I hope I'm not too far wrong (reading between the lines, Seeker) in thinking that you maybe reckon my wee theory -- unlettered as I am --merits some sympathetic consideration.

Quite honestly, I'd be just as happy to see it shot down in flames so that I could follow another, less controversial, line that has at least been the focus of some scholarly consideration. Seems I'm on my tod with this one so far.

Right now, I think Jesus and Moses might be about the same age ... and you're to blame for putting this daft idea in my head two years or so ago.

Hoots. Neil
 
seeker
neilmarr wrote:

Thanks, Seeker, for much to consider.

Wonder if you could comment on a few things:

*I would have thought the revolutionary Josephus (as he was before turning his coat) to have had Pharisee tutorship and leanings rather than Sadducee. The Sadduccees were not given to ostentatious objection, living in caves and planning mass suicides. They were too comfy for that.


What do we really even know about Josephus. [url=http://en.wikipedia.org/wiki/Josephus]Here[/url] is a funny story about him:

According to Josephus, however, in circumstances that are somewhat unclear, Jospehus found himself trapped in a cave with forty of his companions. The Romans asked him to surrender once they discovered where he was, but his companions refused to allow this. He therefore suggested a method of collective suicide: they draw lots and kill each other, one by one, counting to every third person. The sole survivor of this process was Josephus (this method as a mathematical problem is referred to as the Josephus problem, or Roman Roulette [5]) Josephus and one of his soldiers then surrendered to the Roman forces invading Galilee in July 67 and became prisoners. The Roman forces were led by Flavius Vespasian and his son Titus, both subsequently Roman emperors. In 69, Josephus was released (cf. War IV.622-629) and according to Josephus's own account, he appears to have played a role as a negotiator with the defenders during the Siege of Jerusalem in 70.

According to everything I've read Josephus claimed royal lineage and that his father was a priest named Matthias. If that is true then he may have been a military official rather than a revolutionary, presumably the Jewish state would have offered some resistance to being wiped out. Whatever we ascribe to Josephus he seems to have been able to sublimate his devotion to cause quite handily when it came to dealing with the Romans.


neilmarr wrote:
*If we are to accept Paul as a historical, or even composite or entirely invented, influence, he would certainly have been Sadducee, though claiming to have been Pharisee -- the Pharisee bit would have been convenient invention. (OK, I know you didn't bring this up yet, but it's perhaps relevant when consering post-temple development of the Jewish/Christian movement/s.)


I'm not sure Paul was historical.

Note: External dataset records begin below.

(* Let $p$ be a prime and $n$ a positive integer. Let $H_n(\mathbf{Q}_p)=\mathbf{Q}_p^n\times\mathbf{Q}_p^n\times\mathbf{Q}_p$ with the group operation $$(x,y,t)\diamond(x',y',t')=\Big(x+x',\,y+y',\,t+t'+\sum_{j=1}^n x_j y_j'\Big),$$ and for $r\in\mathbf{Q}_p$ let $\delta_r((x,y,t))=(rx,ry,r^2t)$. Define $$N((x,y,t))=\max(|x_1|_p,\ldots,|x_n|_p,|y_1|_p,\ldots,|y_n|_p,|t|_p^{1/2}).$$ Then for all $(x,y,t),(x',y',t')\in H_n(\mathbf{Q}_p)$ and $r\in\mathbf{Q}_p$: (i) $N((x,y,t)\diamond(x',y',t'))\le\max(N((x,y,t)),N((x',y',t')))$; (ii) $N((x,y,t)^{-1})=N((x,y,t))$, where $(x,y,t)^{-1}$ is the inverse in $H_n(\mathbf{Q}_p)$; (iii) $N(\delta_r((x,y,t)))=|r|_p\,N((x,y,t))$. Consequently $N((x',y',t')^{-1}\diamond(x,y,t))$ is a left-invariant ultrametric and $N((x,y,t)\diamond(x',y',t')^{-1})$ is a right-invariant ultrametric on $H_n(\mathbf{Q}_p)$, each determining the product topology coming from the standard topology on $\mathbf{Q}_p$.
   Context: $|\cdot|_p$ denotes the $p$-adic absolute value on the field $\mathbf{Q}_p$ of $p$-adic numbers. The inverse in this group is $(x,y,t)^{-1}=(-x,-y,-t+\sum_j x_jy_j)$. A metric $d$ is an ultrametric if $d(x,z)\le\max(d(x,y),d(y,z))$; it is left-invariant if $d(ax,ay)=d(x,y)$ for all $a,x,y$, and right-invariant if $d(xb,yb)=d(x,y)$. *)

theory Defs
  imports "HOL-Analysis.Analysis" "HOL-Computational_Algebra.Computational_Algebra"
begin

definition padic_abs_rat :: "nat \<Rightarrow> rat \<Rightarrow> real" where
  "padic_abs_rat p q =
     (if q = 0 then 0
      else (case quotient_of q of (a, b) \<Rightarrow>
              real p powi (int (multiplicity (int p) b) - int (multiplicity (int p) a))))"

text \<open>This is the definition of Q_p as
  the completion of (Q, |.|_p); it determines (K, av) up to unique isometric isomorphism.\<close>
definition is_Qp :: "nat \<Rightarrow> ('a::field_char_0 \<Rightarrow> real) \<Rightarrow> bool" where
  "is_Qp p av \<longleftrightarrow>
     (\<forall>x. 0 \<le> av x) \<and> (\<forall>x. av x = 0 \<longleftrightarrow> x = 0) \<and>
     (\<forall>x y. av (x * y) = av x * av y) \<and> (\<forall>x y. av (x + y) \<le> av x + av y) \<and>
     (\<forall>q. av (of_rat q) = padic_abs_rat p q) \<and>
     (\<forall>x. \<forall>e>0. \<exists>q. av (x - of_rat q) < e) \<and>
     (\<forall>X::nat \<Rightarrow> 'a. (\<forall>e>0. \<exists>M. \<forall>m\<ge>M. \<forall>k\<ge>M. av (X m - X k) < e) \<longrightarrow>
        (\<exists>L. \<forall>e>0. \<exists>M. \<forall>k\<ge>M. av (X k - L) < e))"

definition Qp_topology :: "('a::field_char_0 \<Rightarrow> real) \<Rightarrow> 'a topology" where
  "Qp_topology av = Metric_space.mtopology UNIV (\<lambda>a b. av (a - b))"

text \<open>Heisenberg group H_n(K) = K^n x K^n x K, with the index set of K^n a finite type 'n
  (n = CARD('n)).\<close>
type_synonym ('a, 'n) heis = "('n \<Rightarrow> 'a) \<times> ('n \<Rightarrow> 'a) \<times> 'a"

definition heis_mult :: "('a::comm_ring_1, 'n::finite) heis \<Rightarrow> ('a, 'n) heis \<Rightarrow> ('a, 'n) heis"
  (infixl "\<diamondsuit>" 70) where
  "g \<diamondsuit> h = (case g of (x, y, t) \<Rightarrow> case h of (x', y', t') \<Rightarrow>
      (\<lambda>j. x j + x' j, \<lambda>j. y j + y' j, t + t' + (\<Sum>j\<in>UNIV. x j * y' j)))"

definition heis_inv :: "('a::comm_ring_1, 'n::finite) heis \<Rightarrow> ('a, 'n) heis" where
  "heis_inv g = (case g of (x, y, t) \<Rightarrow>
      (\<lambda>j. - x j, \<lambda>j. - y j, - t + (\<Sum>j\<in>UNIV. x j * y j)))"

definition heis_dil :: "'a::comm_ring_1 \<Rightarrow> ('a, 'n::finite) heis \<Rightarrow> ('a, 'n) heis" where
  "heis_dil r g = (case g of (x, y, t) \<Rightarrow> (\<lambda>j. r * x j, \<lambda>j. r * y j, r^2 * t))"

definition heis_norm :: "('a \<Rightarrow> real) \<Rightarrow> ('a, 'n::finite) heis \<Rightarrow> real" where
  "heis_norm av g = (case g of (x, y, t) \<Rightarrow>
      Max ((\<lambda>j. av (x j)) ` UNIV \<union> (\<lambda>j. av (y j)) ` UNIV \<union> {sqrt (av t)}))"

definition heis_prod_topology :: "'a topology \<Rightarrow> ('a, 'n::finite) heis topology" where
  "heis_prod_topology T =
     prod_topology (product_topology (\<lambda>_. T) UNIV)
       (prod_topology (product_topology (\<lambda>_. T) UNIV) T)"

end

theory Submission
  imports Defs "HOL-Library.Function_Algebras"
begin

text \<open>The p-adic absolute value is bounded by 1 on the integers, hence non-archimedean: the
  binomial expansion gives \<open>|x + y|^n \<le> (n + 1) max(|x|, |y|)^n\<close> for every n.  In a product or
  an inverse, the x- and y-coordinates are sums of coordinates of norm at most N, and the centre
  coordinate is a sum of centre coordinates and of products of two such coordinates, all of
  absolute value at most \<open>N^2\<close>; this gives (i) and (ii), while (iii) is homogeneity.  Seen from a base point g, each of them differs
  from the coordinatewise distance to g only in the centre coordinate, by a bilinear term of
  absolute value at most \<open>N(g)\<close> times either distance; so each distance is bounded by
  \<open>r \<mapsto> max r (sqrt (N(g) r))\<close> of the other, and the topologies agree.\<close>

lemma padic_abs_rat_of_nat_le_1:
  assumes "0 < p"
  shows "padic_abs_rat p (of_nat m) \<le> 1"
proof (cases "m = 0")
  case False
  have "padic_abs_rat p (of_nat m) = inverse (real p ^ multiplicity (int p) (int m))"
    using False by (simp add: padic_abs_rat_def quotient_of_int power_int_minus power_int_of_nat)
  also have "\<dots> \<le> 1"
    using assms by (simp add: inverse_le_1_iff one_le_power)
  finally show ?thesis .
qed (simp add: padic_abs_rat_def)

lemma ultrametric_imp_Metric_space:
  assumes "\<And>x y. 0 \<le> d x y" and "\<And>x y. d x y = 0 \<longleftrightarrow> x = y"
    and "\<And>x y. d x y = d y x" and "\<And>x y z. d x z \<le> max (d x y) (d y z)"
  shows "Metric_space M d"
proof
  fix x y z
  have "max (d x y) (d y z) \<le> d x y + d y z"
    using assms(1)[of x y] assms(1)[of y z] by linarith
  then show "d x z \<le> d x y + d y z"
    using assms(4)[where x = x and y = y and z = z] by linarith
qed (use assms in auto)

lemma sqrt_le_iff_le_power2: "0 \<le> c \<Longrightarrow> sqrt x \<le> c \<longleftrightarrow> x \<le> c\<^sup>2"
  using real_sqrt_le_iff[of x "c\<^sup>2"] by simp

lemma sqrt_less_iff_less_power2: "0 \<le> c \<Longrightarrow> sqrt x < c \<longleftrightarrow> x < c\<^sup>2"
  using real_sqrt_less_iff[of x "c\<^sup>2"] by simp

definition sqrt_modulus :: "real \<Rightarrow> real \<Rightarrow> real" where
  "sqrt_modulus K r = max r (sqrt (K * r))"

lemma sqrt_modulus_small:
  assumes "0 \<le> K" and "0 < \<epsilon>"
  obtains \<delta> where "0 < \<delta>" and "\<And>r. 0 \<le> r \<Longrightarrow> r < \<delta> \<Longrightarrow> sqrt_modulus K r < \<epsilon>"
proof
  show "0 < min \<epsilon> (\<epsilon>\<^sup>2 / (K + 1))"
    using assms by simp
  fix r assume r: "0 \<le> r" "r < min \<epsilon> (\<epsilon>\<^sup>2 / (K + 1))"
  have "K * r \<le> (K + 1) * r"
    using r by (simp add: algebra_simps)
  also have "\<dots> < \<epsilon>\<^sup>2"
    using r assms by (simp add: field_simps)
  finally have "sqrt (K * r) < sqrt (\<epsilon>\<^sup>2)"
    by (rule real_sqrt_less_mono)
  then show "sqrt_modulus K r < \<epsilon>"
    using r assms by (simp add: sqrt_modulus_def)
qed


section \<open>Absolute values\<close>

locale abs_value =
  fixes av :: "'a::field \<Rightarrow> real"
  assumes nonneg: "0 \<le> av x"
    and eq_0_iff: "av x = 0 \<longleftrightarrow> x = 0"
    and mult: "av (x * y) = av x * av y"
    and triangle: "av (x + y) \<le> av x + av y"
begin

lemma zero [simp]: "av 0 = 0"
  using eq_0_iff by simp

lemma one [simp]: "av 1 = 1"
  using mult[of 1 1] eq_0_iff[of 1] by simp

lemma power: "av (x ^ n) = av x ^ n"
  by (induction n) (simp_all add: mult)

lemma le_0_iff [simp]: "av x \<le> 0 \<longleftrightarrow> x = 0"
  using nonneg[of x] eq_0_iff[of x] by linarith

lemma minus [simp]: "av (- x) = av x"
proof -
  have "av (- 1) * av (- 1) = 1"
    using mult[of "- 1" "- 1"] by simp
  then have "av (- 1) = 1"
    using nonneg[of "- 1"] by (metis abs_of_nonneg abs_square_eq_1 power2_eq_square)
  then show ?thesis
    using mult[of "- 1" x] by simp
qed

lemma diff_commute: "av (a - b) = av (b - a)"
  using minus[of "a - b"] by simp

lemma sum_le: "av (sum f A) \<le> (\<Sum>i\<in>A. av (f i))"
  by (induction A rule: infinite_finite_induct) (auto intro: order_trans[OF triangle])

lemma Metric_space_abs_diff: "Metric_space UNIV (\<lambda>a b. av (a - b))"
proof
  fix x y z :: 'a
  show "av (x - z) \<le> av (x - y) + av (y - z)"
    using triangle[of "x - y" "y - z"] by simp
qed (auto simp: nonneg eq_0_iff intro: diff_commute)

lemma binomial_bound: "av (x + y) ^ n \<le> (real n + 1) * max (av x) (av y) ^ n"
  if of_nat_le_1: "\<And>m. av (of_nat m) \<le> 1"
proof -
  let ?M = "max (av x) (av y)"
  have term_le: "av (of_nat (n choose k) * x ^ k * y ^ (n - k)) \<le> ?M ^ n" if "k \<le> n" for k
  proof -
    have "av (of_nat (n choose k) * x ^ k * y ^ (n - k))
          = av (of_nat (n choose k)) * (av x ^ k * av y ^ (n - k))"
      by (simp add: mult power)
    also have "\<dots> \<le> 1 * (?M ^ k * ?M ^ (n - k))"
      by (intro mult_mono power_mono of_nat_le_1) (auto simp: nonneg le_max_iff_disj)
    also have "\<dots> = ?M ^ n"
      using that by (simp flip: power_add)
    finally show ?thesis .
  qed
  have "av (x + y) ^ n = av (\<Sum>k\<le>n. of_nat (n choose k) * x ^ k * y ^ (n - k))"
    by (simp only: power[symmetric] binomial_ring)
  also have "\<dots> \<le> (\<Sum>k\<le>n. av (of_nat (n choose k) * x ^ k * y ^ (n - k)))"
    by (rule sum_le)
  also have "\<dots> \<le> (\<Sum>k\<le>n. ?M ^ n)"
    by (rule sum_mono) (simp add: term_le)
  finally show ?thesis
    by (simp add: algebra_simps)
qed

lemma ultra_if_of_nat_le_1:
  assumes "\<And>m. av (of_nat m) \<le> 1"
  shows "av (x + y) \<le> max (av x) (av y)"
proof (rule ccontr)
  let ?M = "max (av x) (av y)"
  assume "\<not> av (x + y) \<le> ?M"
  then have less: "?M < av (x + y)"
    by (simp only: not_le)
  have "?M \<noteq> 0"
    using less eq_0_iff[of x] eq_0_iff[of y] by (auto simp: max_def)
  moreover have "0 \<le> ?M"
    using nonneg[of x] by (simp add: le_max_iff_disj)
  ultimately have M: "0 < ?M"
    by linarith
  define q where "q = av (x + y) / ?M"
  have q: "1 < q"
    using less M by (simp add: q_def)
  have "(\<lambda>n. real n / q ^ n + (1 / q) ^ n) \<longlonglongrightarrow> 0 + 0"
    using q by (intro tendsto_add lim_n_over_pown LIMSEQ_realpow_zero) auto
  then have "(\<lambda>n. (real n + 1) / q ^ n) \<longlonglongrightarrow> 0"
    by (simp add: add_divide_distrib power_one_over)
  then have "\<forall>\<^sub>F n in sequentially. (real n + 1) / q ^ n < 1"
    by (rule order_tendstoD) simp
  then obtain n where "(real n + 1) / q ^ n < 1"
    by (auto simp: eventually_sequentially)
  moreover have "0 < av (x + y) ^ n"
    using M less by (intro zero_less_power) linarith
  ultimately have "(real n + 1) * ?M ^ n < av (x + y) ^ n"
    by (simp add: q_def power_divide field_simps)
  then show False
    using binomial_bound[OF assms, of x y n] by simp
qed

I tend to think that the early Church needed to have some explanation for the fact that no one seemed to have actually known the guy they were touting as a savior who had recently lived. Clearly by the time Paul was invented the public face of Judaism was Pharisee which suggests to me that the presentation of Paul as Pharisee was political.

neilmarr wrote:
*Perhaps we can safely assume certain Essene philosophy that is not included in Josephus' brief description of the sect. After all, if they did not actually pen the Dead Sea Scrolls, the Essenes must have thought them worthy of saving for posterity or at the very least sympathetically sanctioned their concealment within sight of their major Qumran settlement. And the scrolls, of course, could sensibly be read as a tirade against the competing Christian movement.

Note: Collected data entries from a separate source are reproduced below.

lemma ring_bil:
  fixes s :: "'k::comm_ring_1 \<Rightarrow> 'a::ring_1 \<Rightarrow> 'a"
  assumes "k_algebra s" shows "tbilinear s s s (*)"
proof -
  have m: "module s" and c: "\<And>c a b. s c (a * b) = s c a * b \<and> s c (a * b) = a * s c b"
    using assms unfolding k_algebra_def by blast+
  have "s c a * b = s c (a * b)" "a * s c b = s c (a * b)" for c a b using c by metis+
  then show ?thesis
    by (intro tbilI) (simp_all add: module_hom_iff m distrib_left distrib_right)
qed

(* Existence of the product (a (x) b)(a' (x) b') = aa' (x) bb':  first lift in (a', b') for fixed
   (a, b), then lift the result, which is bilinear in (a, b), once more. *)
lemma tmult_ex:
  assumes T: "is_tensor sA sB sT t" and bA: "tbilinear sA sA sA mA" and bB: "tbilinear sB sB sB mB"
  shows "\<exists>m. tbilinear sT sT sT m \<and> (\<forall>a b a' b'. m (t a b) (t a' b') = t (mA a a') (mB b b'))"
proof -
  note tb = is_tensorD(4)[OF T]
  have mT: "module sT" and mA: "module sA" and mB: "module sB" using is_tensorD[OF T] by blast+
  have right_factor: "tbilinear sA sB sT (\<lambda>a' b'. t (mA a a') (mB b b'))" for a b
    by (rule tbilI) (auto intro: hom_comp tbilD[OF bA] tbilD[OF bB] tbilD[OF tb])
  define L where "L a b = tlift sT sT t (\<lambda>a' b'. t (mA a a') (mB b b'))" for a b
  have L_gen: "L a b (t a' b') = t (mA a a') (mB b b')" for a b a' b'
    unfolding L_def by (rule tlift_gen[OF T mT right_factor])
  have L_bil: "tbilinear sA sB sT (\<lambda>a b. L a b v)" for v
    unfolding L_def
    by (rule tbilI; rule tlift_linear_in_parameter[OF T mT, OF _ right_factor])
      (auto intro: hom_comp tbilD[OF bA] tbilD[OF bB] tbilD[OF tb] mA mB)
  define m where "m u v = tlift sT sT t (\<lambda>a b. L a b v) u" for u v
  have "tbilinear sT sT sT m"
  proof (rule tbilI)
    fix u show "module_hom sT sT (m u)"
      unfolding m_def
      by (rule tlift_linear_in_parameter[OF T mT mT L_bil])
        (simp add: L_def tlift_hom[OF T mT right_factor])
  next
    fix v show "module_hom sT sT (\<lambda>u. m u v)"
      unfolding m_def by (rule tlift_hom[OF T mT L_bil])
  qed
  moreover have "m (t a b) (t a' b') = t (mA a a') (mB b b')" for a b a' b'
    unfolding m_def tlift_gen[OF T mT L_bil] by (rule L_gen)
  ultimately show ?thesis by blast
qed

Here is something interesting to contemplate. Qumran has been variously described as a fort, major settlement etc but none of these really seem like the kind of place a group of ascetics would hide at. One of the scholarly views is that Qumran was perhaps the property of a wealthy landholder. When one considers the Dead Sea Scrolls more controversial revelation of a 'son of Zadok' (Sadducee) as a messianic figure it almost makes sense that a wealthy Saducee might have preserved them rather than an Essene.

neilmarr wrote:
*The Sadducees, being so tied to the establishment and the temple, could not have possibly survived the upheavals of 70CE as an effective, coherent group. So we can write them off as main players in the later development of Christianty. Although individual, wealthy and connected Sadducees might well have escaped the wrath of Rome through some kind of ancient Odessa route, they would certainly have held no organisational power that might impact the development of a suddenly blossoming Christianity.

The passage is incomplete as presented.